Methods and Prospects for Science Analysis of CALET Data / Dr. Holger Motz

会場Kenkyu Honkan 3F Seminar Room
講演タイトルMethods and Prospects for Science Analysis of CALET Data
講演者Dr.Holger Motz (ICSEP, Waseda University)



The ISS based CALET (Calorimetric Electron Telescope) detector is directly measuring the energy spectrum of electron+positron cosmic rays up to 20 TeV with an expected energy resolution of 2%. With an estimated proton rejection capability of 1 : 10^5 and an aperture of approximately 1200 cm^2 sr, it will provide good statistics even well above one TeV. This precise spectrum is going to be analysed for signatures from nearby astrophysical sources such as pulsars and supernova remnants (SNR), as well as from Dark Matter annihilation and decay.

In this presentation I will give an overview of the CALET project and its current status, as well as show possible methods to analyse the data for selected physics cases.

Pulsars and Dark Matter are candidates for the postulated extra source emitting an equal amount of electrons and positrons that is regarded as the origin of the positron excess. Assuming a single pulsar is the extra source, the limits on a potential additional component from Dark Matter annihilation in the galactic halo expected to be obtained from 5 years of CALET observation are presented. It is shown that CALET could significantly improve upon current limits, especially for Dark Matter candidates with a large fraction of annihilation directly into electron+positron, such as the LKP (Lightest Kaluza-Klein particle).
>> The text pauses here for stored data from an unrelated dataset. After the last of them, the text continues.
(* Let $n\ge 2$. Then $\max\{d_W(\sigma,\rho) : \sigma,\rho\in P^B(\emptyset;n)\} = n^2$.
   Context: $S^B_n$ is the set of bijections $\sigma$ of $\{-n,\dots,-1,1,\dots,n\}$ with $\sigma(-i)=-\sigma(i)$ for all $i$, with multiplication given by composition; a signed permutation is written in one-line notation $\sigma(1)\cdots\sigma(n)$. A signed permutation $\sigma$ has a peak at index $i\in\{2,\dots,n-1\}$ if $\sigma(i-1)<\sigma(i)>\sigma(i+1)$ (usual order on integers). $Peak(\sigma)$ is the set of indices where $\sigma$ has a peak, and for $S\subseteq[n]$, $P^B(S;n)=\{\sigma\in S^B_n : Peak(\sigma)=S\}$. The word metric is $d_W(\sigma,\rho)=\ell_B(\rho^{-1}\sigma)$, where $\ell_B(\gamma)$ is the minimum number of factors in an expression of $\gamma$ as a product of the Coxeter generators $s_0^B,\dots,s_{n-1}^B$; here $s_0^B$ swaps $1$ and $-1$ and fixes all other values, and for $1\le i<n$, $s_i^B$ swaps $i$ with $i+1$ and $-i$ with $-(i+1)$, fixing everything else. *)

theory Defs
  imports Main
begin

text \<open>Signed permutations of {-n..-1,1..n}, represented as functions int => int
  that are the identity outside this domain.\<close>

definition signed_dom :: "nat \<Rightarrow> int set" where
  "signed_dom n = {-int n..-1} \<union> {1..int n}"

definition SB :: "nat \<Rightarrow> (int \<Rightarrow> int) set" where
  "SB n = {\<sigma>. bij_betw \<sigma> (signed_dom n) (signed_dom n)
              \<and> (\<forall>i\<in>signed_dom n. \<sigma> (-i) = - \<sigma> i)
              \<and> (\<forall>x. x \<notin> signed_dom n \<longrightarrow> \<sigma> x = x)}"

definition sB :: "nat \<Rightarrow> int \<Rightarrow> int" where
  "sB i x =
     (if i = 0 then (if x = 1 then -1 else if x = -1 then 1 else x)
      else let a = int i in
        (if x = a then a + 1 else if x = a + 1 then a
         else if x = -a then -(a + 1) else if x = -(a + 1) then -a else x))"

definition lenB :: "nat \<Rightarrow> (int \<Rightarrow> int) \<Rightarrow> nat" where
  "lenB n \<gamma> = (LEAST k. \<exists>ws. length ws = k \<and> set ws \<subseteq> {0..<n}
                  \<and> \<gamma> = foldr (\<lambda>i f. sB i \<circ> f) ws id)"

definition dW :: "nat \<Rightarrow> (int \<Rightarrow> int) \<Rightarrow> (int \<Rightarrow> int) \<Rightarrow> nat" where
  "dW n \<sigma> \<rho> = lenB n (inv \<rho> \<circ> \<sigma>)"

definition Peak :: "nat \<Rightarrow> (int \<Rightarrow> int) \<Rightarrow> nat set" where
  "Peak n \<sigma> = {i \<in> {2..n-1}. \<sigma> (int i - 1) < \<sigma> (int i) \<and> \<sigma> (int i) > \<sigma> (int i + 1)}"

definition PB :: "nat set \<Rightarrow> nat \<Rightarrow> (int \<Rightarrow> int) set" where
  "PB S n = {\<sigma> \<in> SB n. Peak n \<sigma> = S}"

end

(* For a signed permutation g let inv_weight n g count the ordered pairs (a, b) of positions in
   {-n..-1, 1..n} whose order g reverses, plus twice the number of positive positions with a
   negative value. Composing with a generator s_i on the left changes the relative order exactly
   of the pairs of positions whose values s_i swaps, so the weight grows by at most 4; when all
   these pairs are inversions of g (a left descent) it drops by exactly 4. Every g <> id has a
   left descent, since otherwise 0 < inv g 1 < ... < inv g n <= n forces g = id. Hence the weight
   is four times the Coxeter length. It is at most 4 n^2, with equality for w0 = -id, and both
   id and w0 have no peaks, so the maximal distance n^2 is attained between them. *)
theory Submission
  imports Defs
begin

lemma card_sym_diff_le:
  assumes "finite A" "finite B"
  shows "card (sym_diff A B) \<le> card A + card B"
proof -
  have "card (sym_diff A B) \<le> card (A \<union> B)" using assms by (intro card_mono) auto
  also have "\<dots> \<le> card A + card B" by (rule card_Un_le)
  finally show ?thesis .
qed

lemma strict_mono_int_squeeze:
  fixes f :: "nat \<Rightarrow> int"
  assumes increasing: "\<And>j. 1 \<le> j \<Longrightarrow> j < n \<Longrightarrow> f j < f (Suc j)"
    and first: "0 < f 1" and last: "f n \<le> int n" and k: "1 \<le> k" "k \<le> n"
  shows "f k = int k"
proof -
  have "int k \<le> f k"
    using k(1)
  proof (induction k rule: dec_induct)
    case (step j)
    then show ?case using increasing[of j] k(2) by simp
  qed (use first in simp)
  moreover have "f k \<le> int k"
    using k(2)
  proof (induction k rule: inc_induct)
    case (step j)
    then show ?case using increasing[of j] k(1) by simp
  qed (use last in simp)
  ultimately show ?thesis by simp
qed

lemma signed_dom_iff: "x \<in> signed_dom n \<longleftrightarrow> x \<noteq> 0 \<and> \<bar>x\<bar> \<le> int n"
  unfolding signed_dom_def by auto

lemma uminus_in_signed_dom_iff [simp]: "- x \<in> signed_dom n \<longleftrightarrow> x \<in> signed_dom n"
  unfolding signed_dom_iff by auto

lemma finite_signed_dom: "finite (signed_dom n)"
  unfolding signed_dom_def by auto

lemma card_signed_dom: "card (signed_dom n) = 2 * n"
proof -
  have "card ({-int n..-1} \<union> {1..int n}) = card {-int n..-1} + card {1..int n}"
    by (rule card_Un_disjoint) auto
  then show ?thesis unfolding signed_dom_def by simp
qed

lemma card_off_diagonal_signed_dom:
  "card {(a, b). a \<in> signed_dom n \<and> b \<in> signed_dom n \<and> a \<noteq> b} = 4 * n\<^sup>2 - 2 * n"
proof -
  let ?D = "signed_dom n"
  let ?diag = "(\<lambda>a. (a, a)) ` ?D"
  have "{(a, b). a \<in> ?D \<and> b \<in> ?D \<and> a \<noteq> b} = ?D \<times> ?D - ?diag" by auto
  moreover have "card ?diag = card ?D" by (rule card_image) (auto simp: inj_on_def)
  moreover have "?diag \<subseteq> ?D \<times> ?D" by auto
  ultimately show ?thesis
    by (simp add: card_Diff_subset finite_signed_dom card_cartesian_product card_signed_dom
        power2_eq_square)
qed

lemma SB_bij_betw: "g \<in> SB n \<Longrightarrow> bij_betw g (signed_dom n) (signed_dom n)"
  and SB_uminus: "g \<in> SB n \<Longrightarrow> x \<in> signed_dom n \<Longrightarrow> g (- x) = - g x"
  and SB_fixed: "g \<in> SB n \<Longrightarrow> x \<notin> signed_dom n \<Longrightarrow> g x = x"
  unfolding SB_def by auto

lemma SB_in_signed_dom: "g \<in> SB n \<Longrightarrow> x \<in> signed_dom n \<Longrightarrow> g x \<in> signed_dom n"
  using SB_bij_betw bij_betwE by blast

lemma bij_SB:
  assumes "g \<in> SB n"
  shows "bij g"
proof -
  have "bij_betw g (- signed_dom n) (- signed_dom n)"
    by (subst bij_betw_cong[where g = id]) (auto simp: SB_fixed[OF assms])
  from bij_betw_combine[OF SB_bij_betw[OF assms] this] show ?thesis by simp
qed

lemma id_in_SB: "id \<in> SB n"
  unfolding SB_def by auto

lemma comp_in_SB: "f \<in> SB n \<Longrightarrow> g \<in> SB n \<Longrightarrow> f \<circ> g \<in> SB n"
  unfolding SB_def by (auto intro: bij_betw_trans simp: SB_in_signed_dom)

lemma inv_in_SB:
  assumes g: "g \<in> SB n"
  shows "inv g \<in> SB n"
proof -
  have bij: "bij g" using bij_SB[OF g] .
  have image: "g ` signed_dom n = signed_dom n"
    using SB_bij_betw[OF g] by (rule bij_betw_imp_surj_on)
  have "bij_betw (inv g) (signed_dom n) (signed_dom n)"
    using bij_betw_inv_into_subset[OF bij subset_UNIV image] .
  moreover have "inv g (- x) = - inv g x" if "x \<in> signed_dom n" for x
  proof -
    have "inv g x \<in> signed_dom n" using \<open>bij_betw (inv g) _ _\<close> that bij_betwE by blast
    then have "g (- inv g x) = - x"
      using SB_uminus[OF g] surj_f_inv_f[OF bij_is_surj[OF bij]] by simp
    then show ?thesis using bij by (metis inv_f_f bij_is_inj)
  qed
  moreover have "inv g x = x" if "x \<notin> signed_dom n" for x
    using SB_fixed[OF g that] bij by (metis inv_f_f bij_is_inj)
  ultimately show ?thesis unfolding SB_def by blast
qed

lemma sB_sB [simp]: "sB i (sB i x) = x"
  unfolding sB_def Let_def by auto

lemma sB_uminus: "sB i (- x) = - sB i x"
  unfolding sB_def Let_def by auto

lemma sB_in_SB:
  assumes "i < n"
  shows "sB i \<in> SB n"
proof -
  have "sB i x \<in> signed_dom n \<longleftrightarrow> x \<in> signed_dom n" for x
    using assms unfolding sB_def Let_def signed_dom_iff by auto
  moreover have "sB i x = x" if "x \<notin> signed_dom n" for x
    using assms that unfolding sB_def Let_def signed_dom_iff by auto
  ultimately show ?thesis unfolding SB_def
    by (auto intro!: bij_betw_byWitness[where f' = "sB i"] simp: sB_uminus)
qed

definition w0 :: "nat \<Rightarrow> int \<Rightarrow> int" where
  "w0 n x = (if x \<in> signed_dom n then - x else x)"

lemma w0_in_SB: "w0 n \<in> SB n"
  unfolding SB_def w0_def by (auto intro!: bij_betw_byWitness[where f' = "w0 n"] simp: w0_def)

definition swapped_pairs :: "nat \<Rightarrow> (int \<times> int) set" where
  "swapped_pairs i = (if i = 0 then {(1, -1), (-1, 1)} else
     {(int i, int i + 1), (int i + 1, int i), (- int i, - int i - 1), (- int i - 1, - int i)})"

lemma swapped_pairs_sym: "(x, y) \<in> swapped_pairs i \<longleftrightarrow> (y, x) \<in> swapped_pairs i"
  unfolding swapped_pairs_def by auto

lemma swapped_pairs_irrefl: "(x, x) \<notin> swapped_pairs i"
  unfolding swapped_pairs_def by auto

lemma swapped_pairs_subset: "i < n \<Longrightarrow> swapped_pairs i \<subseteq> signed_dom n \<times> signed_dom n"
  unfolding swapped_pairs_def by (auto simp: signed_dom_iff)

lemma card_swapped_pairs: "card (swapped_pairs i) = (if i = 0 then 2 else 4)"
  unfolding swapped_pairs_def by auto

lemma sB_less_swapped: "(x, y) \<in> swapped_pairs i \<Longrightarrow> sB i x < sB i y \<longleftrightarrow> y < x"
  unfolding swapped_pairs_def sB_def Let_def by (auto split: if_splits)

lemma sB_strict_mono_not_swapped:
  assumes "x \<noteq> 0" "y \<noteq> 0" "x < y" "(x, y) \<notin> swapped_pairs i"
  shows "sB i x < sB i y"
proof (cases "i = 0")
  case True
  with assms show ?thesis unfolding sB_def swapped_pairs_def by auto
next
  case False
  then obtain a where a: "a = int i" "a \<ge> 1" by simp
  moreover have "\<not> (x = a \<and> y = a + 1)" "\<not> (x = - a - 1 \<and> y = - a)"
    using assms(4) False a(1) unfolding swapped_pairs_def by auto
  ultimately show ?thesis using assms(3) False unfolding sB_def Let_def
    using [[linarith_neq_limit = 3]] by (auto split: if_splits)
qed

lemma sB_less_not_swapped:
  assumes "x \<noteq> 0" "y \<noteq> 0" "x \<noteq> y" "(x, y) \<notin> swapped_pairs i"
  shows "sB i x < sB i y \<longleftrightarrow> x < y"
  using assms sB_strict_mono_not_swapped[of x y i] sB_strict_mono_not_swapped[of y x i]
  by (metis swapped_pairs_sym not_less_iff_gr_or_eq)

definition inv_pairs :: "nat \<Rightarrow> (int \<Rightarrow> int) \<Rightarrow> (int \<times> int) set" where
  "inv_pairs n g =
     {(a, b) \<in> signed_dom n \<times> signed_dom n. a \<noteq> b \<and> (a < b) \<noteq> (g a < g b)}"

definition neg_entries :: "nat \<Rightarrow> (int \<Rightarrow> int) \<Rightarrow> int set" where
  "neg_entries n g = {b \<in> {1..int n}. g b < 0}"

definition inv_weight :: "nat \<Rightarrow> (int \<Rightarrow> int) \<Rightarrow> nat" where
  "inv_weight n g = card (inv_pairs n g) + 2 * card (neg_entries n g)"

definition swapped_positions :: "nat \<Rightarrow> (int \<Rightarrow> int) \<Rightarrow> nat \<Rightarrow> (int \<times> int) set" where
  "swapped_positions n g i =
     {(a, b) \<in> signed_dom n \<times> signed_dom n. (g a, g b) \<in> swapped_pairs i}"

definition left_descent :: "nat \<Rightarrow> (int \<Rightarrow> int) \<Rightarrow> nat \<Rightarrow> bool" where
  "left_descent n g i \<longleftrightarrow> swapped_positions n g i \<subseteq> inv_pairs n g"

lemma finite_inv_pairs: "finite (inv_pairs n g)"
  by (rule finite_subset[of _ "signed_dom n \<times> signed_dom n"])
     (auto simp: inv_pairs_def finite_signed_dom)

lemma finite_neg_entries: "finite (neg_entries n g)"
  by (rule finite_subset[of _ "{1..int n}"]) (auto simp: neg_entries_def)

lemma finite_swapped_positions: "finite (swapped_positions n g i)"
  by (rule finite_subset[of _ "signed_dom n \<times> signed_dom n"])
     (auto simp: swapped_positions_def finite_signed_dom)

lemma inv_pairs_sB:
  assumes g: "g \<in> SB n"
  shows "inv_pairs n (sB i \<circ> g) = sym_diff (inv_pairs n g) (swapped_positions n g i)"
proof -
  have "(a < b) \<noteq> (sB i (g a) < sB i (g b)) \<longleftrightarrow>
      ((a < b) \<noteq> (g a < g b)) \<noteq> ((g a, g b) \<in> swapped_pairs i)"
    if "a \<in> signed_dom n" "b \<in> signed_dom n" "a \<noteq> b" for a b
  proof -
    have "g a \<noteq> 0" "g b \<noteq> 0"
      using SB_in_signed_dom[OF g] that by (auto simp: signed_dom_iff)
    moreover have "g a \<noteq> g b" using bij_SB[OF g] that by (metis bij_is_inj injD)
    ultimately show ?thesis
      by (cases "(g a, g b) \<in> swapped_pairs i")
         (auto simp: sB_less_swapped sB_less_not_swapped)
  qed
  moreover have "a \<noteq> b" if "(g a, g b) \<in> swapped_pairs i" for a b
    using that swapped_pairs_irrefl by metis
  ultimately show ?thesis unfolding inv_pairs_def swapped_positions_def by auto
qed

lemma swapped_positions_eq_image:
  assumes g: "g \<in> SB n" and "i < n"
  shows "swapped_positions n g i = map_prod (inv g) (inv g) ` swapped_pairs i"
proof -
  have bij: "bij g" using bij_SB[OF g] .
  have "(a, b) \<in> map_prod (inv g) (inv g) ` swapped_pairs i"
    if "(g a, g b) \<in> swapped_pairs i" for a b
    using that bij by (force simp: bij_is_inj)
  moreover have "inv g x \<in> signed_dom n" "g (inv g x) = x" if "x \<in> signed_dom n" for x
    using that SB_in_signed_dom[OF inv_in_SB[OF g]] bij by (auto simp: bij_is_surj surj_f_inv_f)
  ultimately show ?thesis
    using swapped_pairs_subset[OF \<open>i < n\<close>] unfolding swapped_positions_def by fastforce
qed

lemma card_swapped_positions:
  assumes "g \<in> SB n" "i < n"
  shows "card (swapped_positions n g i) = card (swapped_pairs i)"
proof -
  have "inj (inv g)" by (rule surj_imp_inj_inv[OF bij_is_surj[OF bij_SB[OF assms(1)]]])
  then have "inj (map_prod (inv g) (inv g))" using prod.inj_map by blast
  then show ?thesis
    unfolding swapped_positions_eq_image[OF assms] by (simp add: card_image inj_on_subset)
qed
text \<open>rho(v,N) = min of Lambda3 over f : Z_N -> [0,1] with mean >= v
  (the minimum exists by compactness, so it equals the infimum).\<close>
definition rho :: "real \<Rightarrow> nat \<Rightarrow> real" where
  "rho v N = Inf {Lambda3 N f | f. (\<forall>n<N. 0 \<le> f n \<and> f n \<le> 1) \<and> ZE N f \<ge> v}"

end

theory Submission
  imports Defs "HOL-Analysis.Analysis" "HOL-Number_Theory.Cong"
begin

(* If 3 divides N, the indicator of the non-multiples of 3 has mean 2/3, and n, n + d, n + 2d all
   lie in it only when 3 divides d; hence rho(2/3, N) <= 2/9.

   If N is coprime to 6, let F be the discrete Fourier transform of an admissible f, and
   S = F(0) = sum f. Then N^3 Lambda3(f) = sum_r F(r)^2 conj F(2r); the term r = 0 is S^3, and by Parseval
   the others add up to at least -(N sum f^2 - S^2) max_{r <> 0} |F(2r)|. For r <> 0 the root
   z = omega^(2r) has z, z^2, z^3 <> 1, so the nonnegative polynomial (1 + Re(w z^a))^3 has mean
   5/2 over a; with x y <= x/3 + (1 + y)^3/12 on [0,1] x [-1,1] this yields |F(2r)| <= 23N/72,
   and then Lambda3(f) >= 73/324 > 2/9.

   Both kinds of N occur among arbitrarily large odd numbers, so no limit exists. *)

section \<open>Three-term progressions modulo N\<close>

lemma sum_mod_shift:
  fixes g :: "nat \<Rightarrow> 'a::comm_monoid_add"
  shows "(\<Sum>d<N. g ((a + d) mod N)) = (\<Sum>b<N. g b)"
proof (cases "N = 0")
  case False
  have inj: "inj_on (\<lambda>d. (a + d) mod N) {..<N}"
    unfolding inj_on_def
    by (auto simp: cong_add_lcancel_nat simp flip: cong_def intro: cong_less_modulus_unique_nat)
  then have "(\<lambda>d. (a + d) mod N) ` {..<N} = {..<N}"
    using False by (intro endo_inj_surj) auto
  then show ?thesis
    using sum.reindex[OF inj, of g] by simp
qed simp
As a possible case of a Dark Matter only explanation of the positron excess, Dark Matter decaying in a 3-particle leptonic mode was studied, as it is not constrained by anti-proton measurements and multiple theories predict suitable Dark Matter candidates. Based on the expected signal and background in CALET, the potential to discern the signatures of this decay from a pulsar being the extra source is shown.

Furthermore, the influence of a nearby SNR as an additional spectrum component in the TeV region and the prospects of using anisotropy information to identify cosmic rays originating from nearby astrophysical sources are discussed.